The state, through the Florida Bar, asserted that it has a "substantial interest in protecting the privacy and tranquility of personal injury victims and their loved ones against intrusive, unsolicited contact by lawyers." This interest stems from its perception that such solicitation "negatively affects the administration of justice," and hence also the reputation of lawyers as a whole. The Court had "little trouble crediting the Bar's interest as substantial. On various occasions we have accepted the proposition that states have a compelling interest in the practice of professions within their boundaries, and as apart of their power to protect the public health, safety, and other valid interests they have broad power to establish standards for licensing practitioners and regulating the practice of professions."
In the district court, the Florida Bar had submitted a 106-page report containing "statistical and anecdotal" evidence supporting the contention that the public views direct-mail solicitations from lawyers soon after an accident as intrusive. This report included data from public opinion polls, editorials in various newspapers throughout the state, and excerpts from personal complaints from targets of the unwanted solicitations. "One citizen wrote, 'I consider the unsolicited contact from you [a Florida lawyer] after my child's accident to be of the rankest form of ambulance chasing and in incredibly poor taste. I cannot begin to express with my limited vocabulary the utter contempt in which I hold you and your kind.'" In light of this evidence, the Court concluded that Florida's blackout period on direct solicitation advanced its interest in protecting the public from unwanted intrusions. And although the Court had reasoned that the "short, regular journey from mail box to trash can" was an acceptable burden for citizens subjected to unwanted advertisements for contraceptive devices, solicitation by lawyers so soon after an accident was not. "The purpose of the 30-day targeted direct-mail ban is to forestall the outrage and irritation with the state-licensed legal profession that the practice of direct solicitation only days after accidents has engendered." In light of the "unrefuted empirical and anecdotal evidence" in the record documenting this phenomenon, the Court found no trouble with the second prong of the commercial speech analysis.
Finally, the Court believed that the Bar's means of advancing its interest was acceptable. "The Bar's rule is reasonably well tailored to its stated objective of eliminating targeted mailings whose type and timing are a source of distress to Floridians, distress that has caused many of them to lose respect for the legal profession." Although Went For It had suggested that the Bar could have banned only solicitations to seriously injured citizens, the Court noted that the commercial speech test did not mandate that a state use the least restrictive means to implement its objective. Furthermore, the blackout period was brief, and there remained other ways for injured Floridians to learn about available legal services during that time.
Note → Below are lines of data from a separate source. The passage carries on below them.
(* Let $\alpha\in\mathbb R$ and let $\Sigma$ be a closed (compact, without boundary) $\alpha$-stationary surface in $\mathbb R^3\setminus\{0\}$. Then $\Sigma$ is a sphere centered at the origin (and consequently $\alpha=-2$).
   Context: Let $\Sigma$ be a connected oriented surface immersed in $\mathbb R^3\setminus\{0\}$ with unit normal $\nu$ and mean curvature $H$ (sum of the principal curvatures). For $\alpha\in\mathbb R$, $\Sigma$ is called $\alpha$-stationary if $H(p)=\alpha\,\frac{\langle\nu(p),p\rangle}{|p|^2}$ for all $p\in\Sigma$. *)

theory Defs
  imports "HOL-Analysis.Analysis"
begin

fun Ck_on :: "nat \<Rightarrow> 'a::euclidean_space set \<Rightarrow> ('a \<Rightarrow> 'b::real_normed_vector) \<Rightarrow> bool" where
  "Ck_on 0 U g = continuous_on U g"
| "Ck_on (Suc k) U g =
     ((\<forall>x\<in>U. g differentiable (at x)) \<and>
      (\<forall>i\<in>Basis. Ck_on k U (\<lambda>x. frechet_derivative g (at x) i)))"

definition smooth_on :: "'a::euclidean_space set \<Rightarrow> ('a \<Rightarrow> 'b::real_normed_vector) \<Rightarrow> bool" where
  "smooth_on U g \<longleftrightarrow> (\<forall>k. Ck_on k U g)"

definition Du :: "(real \<times> real \<Rightarrow> real^3) \<Rightarrow> real \<times> real \<Rightarrow> real^3" where
  "Du X w = frechet_derivative X (at w) (1, 0)"

definition Dv :: "(real \<times> real \<Rightarrow> real^3) \<Rightarrow> real \<times> real \<Rightarrow> real^3" where
  "Dv X w = frechet_derivative X (at w) (0, 1)"
(* Let $0<s<1$ and let $f\in C(S^1,S^1)$ be a continuous function from the unit circle to the unit circle, with Fourier series $f(e^{it})\sim\sum_{n=-\infty}^{\infty}a_ne^{int}$. If $\sum_{n=0}^{\infty}n^{2s}|a_n|^2<\infty$, then $\sum_{n=-\infty}^{\infty}|n|^{2s}|a_n|^2<\infty$, i.e. $f\in H^s(S^1,S^1)$.
   Context: $S^1=\{z\in\mathbb C:|z|=1\}$. For an integrable function $f$ on $S^1$, $a_n=\frac{1}{2\pi}\int_{-\pi}^{\pi}f(e^{it})e^{-int}\,dt$ denotes its $n$-th Fourier coefficient. $H^s(S^1,S^1)$ denotes the set of measurable functions $f:S^1\to S^1$ with $\sum_{n\in\mathbb Z}|n|^{2s}|a_n|^2<\infty$. *)

theory Defs
  imports "HOL-Analysis.Analysis"
begin

definition fourier_coeff :: "(complex \<Rightarrow> complex) \<Rightarrow> int \<Rightarrow> complex" where
  "fourier_coeff f n =
     integral {-pi..pi} (\<lambda>t. f (cis t) * cis (- (of_int n * t))) / complex_of_real (2 * pi)"

definition Hs_circle :: "real \<Rightarrow> (complex \<Rightarrow> complex) set" where
  "Hs_circle s = {f. f \<in> borel_measurable (restrict_space lborel (sphere 0 1))
                    \<and> f ` sphere 0 1 \<subseteq> sphere 0 1
                    \<and> (\<lambda>n::int. \<bar>real_of_int n\<bar> powr (2 * s) * (cmod (fourier_coeff f n))\<^sup>2) summable_on UNIV}"

end

theory Submission
  imports Defs
begin

text \<open>
  Plan of the proof. (1) Fourier calculus on the circle and Parseval's identity for
  continuous functions, via uniform approximation by trigonometric polynomials
  (Stone--Weierstrass). (2) Rotational differences \<open>\<Delta>\<^sub>t g = g(e\<^sup>i\<^sup>t \<cdot>) - g\<close>, with
  \<open>\<parallel>\<Delta>\<^sub>t g\<parallel>\<^sup>2 = \<Sum>\<^sub>m |e\<^sup>i\<^sup>m\<^sup>t - 1|\<^sup>2 |\<hat>g(m)|\<^sup>2\<close>. (3) The main estimate, in the locale
  \<open>unimodular_approx\<close>: if \<open>|f| = 1\<close> and \<open>|f - P| \<le> 1/16\<close> for a trigonometric polynomial \<open>P\<close>,
  then for \<open>r = f - P\<close> the negative-frequency part \<open>X(t)\<close> of \<open>\<parallel>\<Delta>\<^sub>t r\<parallel>\<^sup>2\<close> satisfies
  \<open>X(t) \<le> 65 Y(t) + C t\<^sup>2\<close>, \<open>Y(t)\<close> being the positive-frequency part; the identity
  \<open>|P + r|\<^sup>2 = 1\<close> is what couples the two halves of the spectrum. (4) A dyadic
  characterisation \<open>|m|\<^sup>2\<^sup>s \<asymp> \<Sum>\<^sub>j 4\<^sup>j\<^sup>s |e\<^sup>i\<^sup>m\<^sup>\<pi>\<^sup>/\<^sup>2\<^sup>j - 1|\<^sup>2\<close>, which converts (3) into
  \<open>\<Sum>\<^sub>m\<^sub><\<^sub>0 |m|\<^sup>2\<^sup>s |\<hat>r(m)|\<^sup>2 \<lesssim> \<Sum>\<^sub>m\<^sub>>\<^sub>0 m\<^sup>2\<^sup>s |\<hat>r(m)|\<^sup>2 + 1\<close>. Since \<open>\<hat>r\<close> and \<open>\<hat>f\<close> differ in
  finitely many places, the theorem follows.
\<close>

abbreviation circle_continuous :: "(complex \<Rightarrow> 'a::topological_space) \<Rightarrow> bool" where
  "circle_continuous h \<equiv> continuous_on (sphere (0::complex) 1) h"

definition circle_mean :: "(complex \<Rightarrow> complex) \<Rightarrow> complex" where
  "circle_mean h = integral {-pi..pi} (\<lambda>x. h (cis x)) / complex_of_real (2*pi)"

definition circle_mean_real :: "(complex \<Rightarrow> real) \<Rightarrow> real" where
  "circle_mean_real g = integral {-pi..pi} (\<lambda>x. g (cis x)) / (2*pi)"

lemma circle_continuous_cis: "circle_continuous h \<Longrightarrow> continuous_on A (\<lambda>x. h (cis x))"
  by (rule continuous_on_compose2[where t="sphere 0 1"]) (auto intro: continuous_intros)

lemma circle_integrable:
  fixes h :: "complex \<Rightarrow> 'a::banach"
  shows "circle_continuous h \<Longrightarrow> (\<lambda>x. h (cis x)) integrable_on {a..b}"
  by (rule integrable_continuous_interval) (rule circle_continuous_cis)

lemma fourier_coeff_circle_mean: "fourier_coeff h m = circle_mean (\<lambda>z. h z * z powi (-m))"
  unfolding fourier_coeff_def circle_mean_def by (simp add: cis_power_int)

lemma circle_mean_cong: "(\<And>x. h (cis x) = g (cis x)) \<Longrightarrow> circle_mean h = circle_mean g"
  unfolding circle_mean_def by simp

lemma circle_mean_add:
  "circle_continuous h \<Longrightarrow> circle_continuous g \<Longrightarrow>
     circle_mean (\<lambda>z. h z + g z) = circle_mean h + circle_mean g"
  unfolding circle_mean_def by (simp add: integral_add circle_integrable add_divide_distrib)

lemma circle_mean_diff:
  "circle_continuous h \<Longrightarrow> circle_continuous g \<Longrightarrow>
     circle_mean (\<lambda>z. h z - g z) = circle_mean h - circle_mean g"
  unfolding circle_mean_def by (simp add: integral_diff circle_integrable diff_divide_distrib)

lemma circle_mean_cmult: "circle_mean (\<lambda>z. c * h z) = c * circle_mean h"
  unfolding circle_mean_def by simp

lemma circle_mean_sum:
  "finite I \<Longrightarrow> (\<And>i. i \<in> I \<Longrightarrow> circle_continuous (h i)) \<Longrightarrow>
     circle_mean (\<lambda>z. \<Sum>i\<in>I. h i z) = (\<Sum>i\<in>I. circle_mean (h i))"
  unfolding circle_mean_def by (simp add: integral_sum circle_integrable sum_divide_distrib)

lemma circle_mean_cnj: "circle_mean (\<lambda>z. cnj (h z)) = cnj (circle_mean h)"
  unfolding circle_mean_def by (simp add: integral_cnj)

lemma circle_mean_of_real:
  "circle_continuous g \<Longrightarrow> circle_mean (\<lambda>z. complex_of_real (g z)) = complex_of_real (circle_mean_real g)"
  unfolding circle_mean_def circle_mean_real_def
  using has_integral_of_real[OF integrable_integral[OF circle_integrable[of g "-pi" pi]], where 'b=complex]
  by (simp add: integral_unique)

lemma circle_mean_real_mono:
  "circle_continuous g \<Longrightarrow> circle_continuous g' \<Longrightarrow> (\<And>z. z \<in> sphere 0 1 \<Longrightarrow> g z \<le> g' z) \<Longrightarrow>
     circle_mean_real g \<le> circle_mean_real g'"
  unfolding circle_mean_real_def by (intro divide_right_mono integral_le circle_integrable) auto

lemma circle_mean_real_add:
  "circle_continuous g \<Longrightarrow> circle_continuous g' \<Longrightarrow>
     circle_mean_real (\<lambda>z. g z + g' z) = circle_mean_real g + circle_mean_real g'"
  unfolding circle_mean_real_def by (simp add: integral_add circle_integrable add_divide_distrib)

lemma circle_mean_real_cmult: "circle_mean_real (\<lambda>z. c * g z) = c * circle_mean_real g"
  unfolding circle_mean_real_def by simp

lemma circle_mean_real_const: "circle_mean_real (\<lambda>z. c) = c"
  unfolding circle_mean_real_def by simp

lemma circle_mean_bound:
  assumes h: "circle_continuous h" and B: "\<And>z. z \<in> sphere 0 1 \<Longrightarrow> norm (h z) \<le> B"
  shows "norm (circle_mean h) \<le> B"
proof -
  have "norm (integral {-pi..pi} (\<lambda>x. h (cis x))) \<le> integral {-pi..pi} (\<lambda>x. B)"
    by (rule integral_norm_bound_integral) (use circle_integrable[OF h] B in auto)
  then have "norm (integral {-pi..pi} (\<lambda>x. h (cis x))) \<le> 2*pi*B" by simp
  then show ?thesis unfolding circle_mean_def by (simp add: norm_divide field_simps)
qed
Lawyers may still advertise on television, on billboards, and in the yellow pages during the blackout period. "These ample alternative channels for receipt of information about the availability of legal representation during the 30-day period following accidents may explain why, despite the ample evidence, testimony, and commentary submitted by those favoring (as well as opposing) unrestricted direct-mail solicitation, respondents have not pointed to—and we have not independently found—a single example of an individual case in which immediate solicitation helped to avoid, or failure to solicit within 30 days brought about," a lack of access to legal services on the part of lesser educated or less sophisticated citizens. For all these reasons, the Court ruled that the First Amendment allowed Florida to impose this blackout period on direct-mail solicitation of accident victims by lawyers.